Alasan kedua, sebelah utara Bandung terdapat sejumlah perkampungan penduduk seperti Kampung Balubur, Kampung Gadog, Dago, Gegerkalong Girang, dan Babakan Bogor.
Dan pertimbangan ketiga adalah karena daerah tersebut memenuhi syarat kepercayaan lokal, yakni bekas kubangan badak putih yang berarti lahan itu memiliki sumber air, baik berupa mata air ataupun aliran sungai.
Tidak jauh dari Kampung Cikalintu yang dipilih oleh Wiranatakusumah II, memang terdapat mata air Pancuran Tujuh di daerah Cikendi, Ledeng di daerah Jalan Setiabudi, dan Sungai Cikapundung. Dan tak jauh dari sana terdapat juga daerah yang bernama Rancabadak. Dulu orang Bandung menyebut Rumah Sakit Hasan Sadikin dengan sebutan Rumah Sakit Rancabadak.
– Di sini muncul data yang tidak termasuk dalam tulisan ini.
lemma Sol_atomic_type_qf_definable:
  assumes "partition_scheme D \<R>" and "qf_definable D \<R> S"
    and "f \<in> {..<r} \<rightarrow>\<^sub>E D" and "g \<in> Sol D r (atomic_type \<R> r f)"
    and "length vs = arity S" and "set vs \<subseteq> {..<r}"
  shows "map f vs \<in> tuples S \<longleftrightarrow> map g vs \<in> tuples S"
proof -
  obtain \<phi> where \<phi>: "qf_vars \<phi> \<subseteq> {..<arity S}" "qf_syms \<phi> \<subseteq> \<R>"
    "tuples S = {xs. length xs = arity S \<and> set xs \<subseteq> D \<and> qf_sat \<phi> xs}"
    using assms(2) unfolding qf_definable_def by blast
  have "g \<in> {..<r} \<rightarrow>\<^sub>E D" using assms(4) unfolding Sol_def by blast
  then have in_D: "set (map f vs) \<subseteq> D" "set (map g vs) \<subseteq> D"
    using assms(3,6) by auto
  have "qf_sat \<phi> (map f vs) = qf_sat \<phi> (map g vs)"
  proof (rule qf_sat_cong[OF _ in_D])
    show "equality_rel D \<in> \<R>" using partition_scheme_equality_rel[OF assms(1)] .
    show "qf_vars \<phi> \<subseteq> {..<length (map f vs)}" using \<phi>(1) assms(5) by simp
    fix i j R assume "i < length (map f vs)" "j < length (map f vs)" "R \<in> \<R>"
    moreover from this have "vs ! i < r" "vs ! j < r" using assms(6) nth_mem by auto
    ultimately show "[map f vs ! i, map f vs ! j] \<in> tuples R \<longleftrightarrow> [map g vs ! i, map g vs ! j] \<in> tuples R"
      using Sol_atomic_type_same_rels[OF assms(1,3,4)] by simp
  qed (use \<phi>(2) in simp_all)
  then show ?thesis using \<phi>(3) in_D assms(5) by simp
qed

lemma Sol_atomic_type_subset_Sol:
  assumes "partition_scheme D \<R>" and "\<forall>S\<in>\<Gamma>. qf_definable D \<R> S"
    and "I \<in> instances_r \<Gamma> r" and "f \<in> Sol D r I"
  shows "Sol D r (atomic_type \<R> r f) \<subseteq> Sol D r I"
proof
  fix g assume g: "g \<in> Sol D r (atomic_type \<R> r f)"
  have f: "f \<in> {..<r} \<rightarrow>\<^sub>E D" "\<forall>(S, vs)\<in>I. map f vs \<in> tuples S"
    using assms(4) unfolding Sol_def by auto
  have "map g vs \<in> tuples S" if "(S, vs) \<in> I" for S vs
  proof -
    have "S \<in> \<Gamma>" "length vs = arity S" "set vs \<subseteq> {..<r}"
      using that assms(3) unfolding instances_r_def by auto
    then show ?thesis
      using that f assms(2) Sol_atomic_type_qf_definable[OF assms(1) _ f(1) g] by blast
  qed
  then show "g \<in> Sol D r I" using g unfolding Sol_def by blast
qed

lemma branching_map_atomic_type:
  assumes "partition_scheme D \<R>" and "finite \<R>" and "\<forall>S\<in>\<Gamma>. qf_definable D \<R> S"
    and "\<R> \<subseteq> \<Delta>"
  shows "branching_map D \<Gamma> \<Delta> r (\<lambda>I. atomic_type \<R> r ` Sol D r I)"
  unfolding branching_map_def
proof (intro ballI conjI)
  fix I assume I: "I \<in> instances_r \<Gamma> r"
  have "\<forall>R\<in>\<R>. arity R = 2" using partition_scheme_arity[OF assms(1)] by blast
  from atomic_type_in_instances_r[OF assms(2) this]
  show "atomic_type \<R> r ` Sol D r I \<subseteq> instances_r \<Delta> r"
    using instances_r_mono[OF assms(4)] by blast
  show "Sol D r I = (\<Union>J\<in>atomic_type \<R> r ` Sol D r I. Sol D r J)"
  proof
    show "Sol D r I \<subseteq> (\<Union>J\<in>atomic_type \<R> r ` Sol D r I. Sol D r J)"
    proof
      fix f assume "f \<in> Sol D r I"
      moreover from this have "f \<in> {..<r} \<rightarrow>\<^sub>E D" unfolding Sol_def by blast
      ultimately show "f \<in> (\<Union>J\<in>atomic_type \<R> r ` Sol D r I. Sol D r J)"
        using Sol_atomic_type_self by blast
    qed
    show "(\<Union>J\<in>atomic_type \<R> r ` Sol D r I. Sol D r J) \<subseteq> Sol D r I"
      using Sol_atomic_type_subset_Sol[OF assms(1,3) I] by blast
  qed
qed

theorem mainTheorem12:
  fixes D :: "'a set" and \<S> \<T> \<R> :: "'a relation set" and r :: nat
  assumes "backdoor_triple D \<S> \<T> \<R>"
    and "finite \<S>" and "finite \<T>" and "finite \<R>"
    and "r \<ge> 2" and "\<forall>S\<in>\<S>. arity S \<le> r"
  shows "\<exists>\<Omega>. branching_map D (\<S> \<union> \<R>) (\<T> \<union> \<R>) r \<Omega>"
proof -
  have partition: "partition_scheme D \<R>" and "\<forall>S\<in>\<S>. qf_definable D \<R> S"
    using assms(1) unfolding backdoor_triple_def by auto
  then have "\<forall>S\<in>\<S> \<union> \<R>. qf_definable D \<R> S"
    using partition_scheme_qf_definable by blast
  then show ?thesis
    using branching_map_atomic_type[OF partition assms(4)] by blast
qed

end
Namun, saat perintah pemindahan ibukota turun, ternyata Kampung Cikalintu jaraknya jauh dari Jalan Raya Pos. Oleh karena itu Wiranatakusumah II mencari lokasi lain. Pilihan selanjutnya adalah Babakan Bogor yang sekarang bernama Kebonkawung (daerah sekitar Stasiun Bandung).
Babakan Bogor juga memenuhi syarat lokal dengan terdapatnya mata air Ciguriang yang sampai sekarang masih ada, dan dulu dijadikan sebagai pusat mencuci oleh para penatu.
“Namun, rupanya Kebonkawung (Babakan Bogor) masih belum memenuhi syarat buat mendirikan kabupaten beserta alun-alunnya,” imbuh Kunto.
Akhirnya, Wiranatakusumah II menemukan lokasi yang cocok sebagai ibukota, yakni di sisi Jalan Raya Pos dan tak jauh dari aliran Sungai Cikapundung. Selain itu, di lokasi ini pun terdapat sejumlah mata air yang disebut Sumur Bandung.
Jika dibandingkan dengan perintah Daendels untuk memindahkan ibukota ke sisi Jalan Raya Pos, pemilihan lokasi yang dilakukan oleh Wiranatakusumah II ternyata sesuai. Narasi ini barangkali versi lokal untuk menafikan atau setidaknya tidak terlalu mengagungkan pengaruh kolonialisme dalam peristiwa pemindahan ibukota Kabupaten Bandung.
Dan dari keseluruhan kedua versi ini, banjir di Bandung tempo dulu tak terlampau banyak dikisahkan.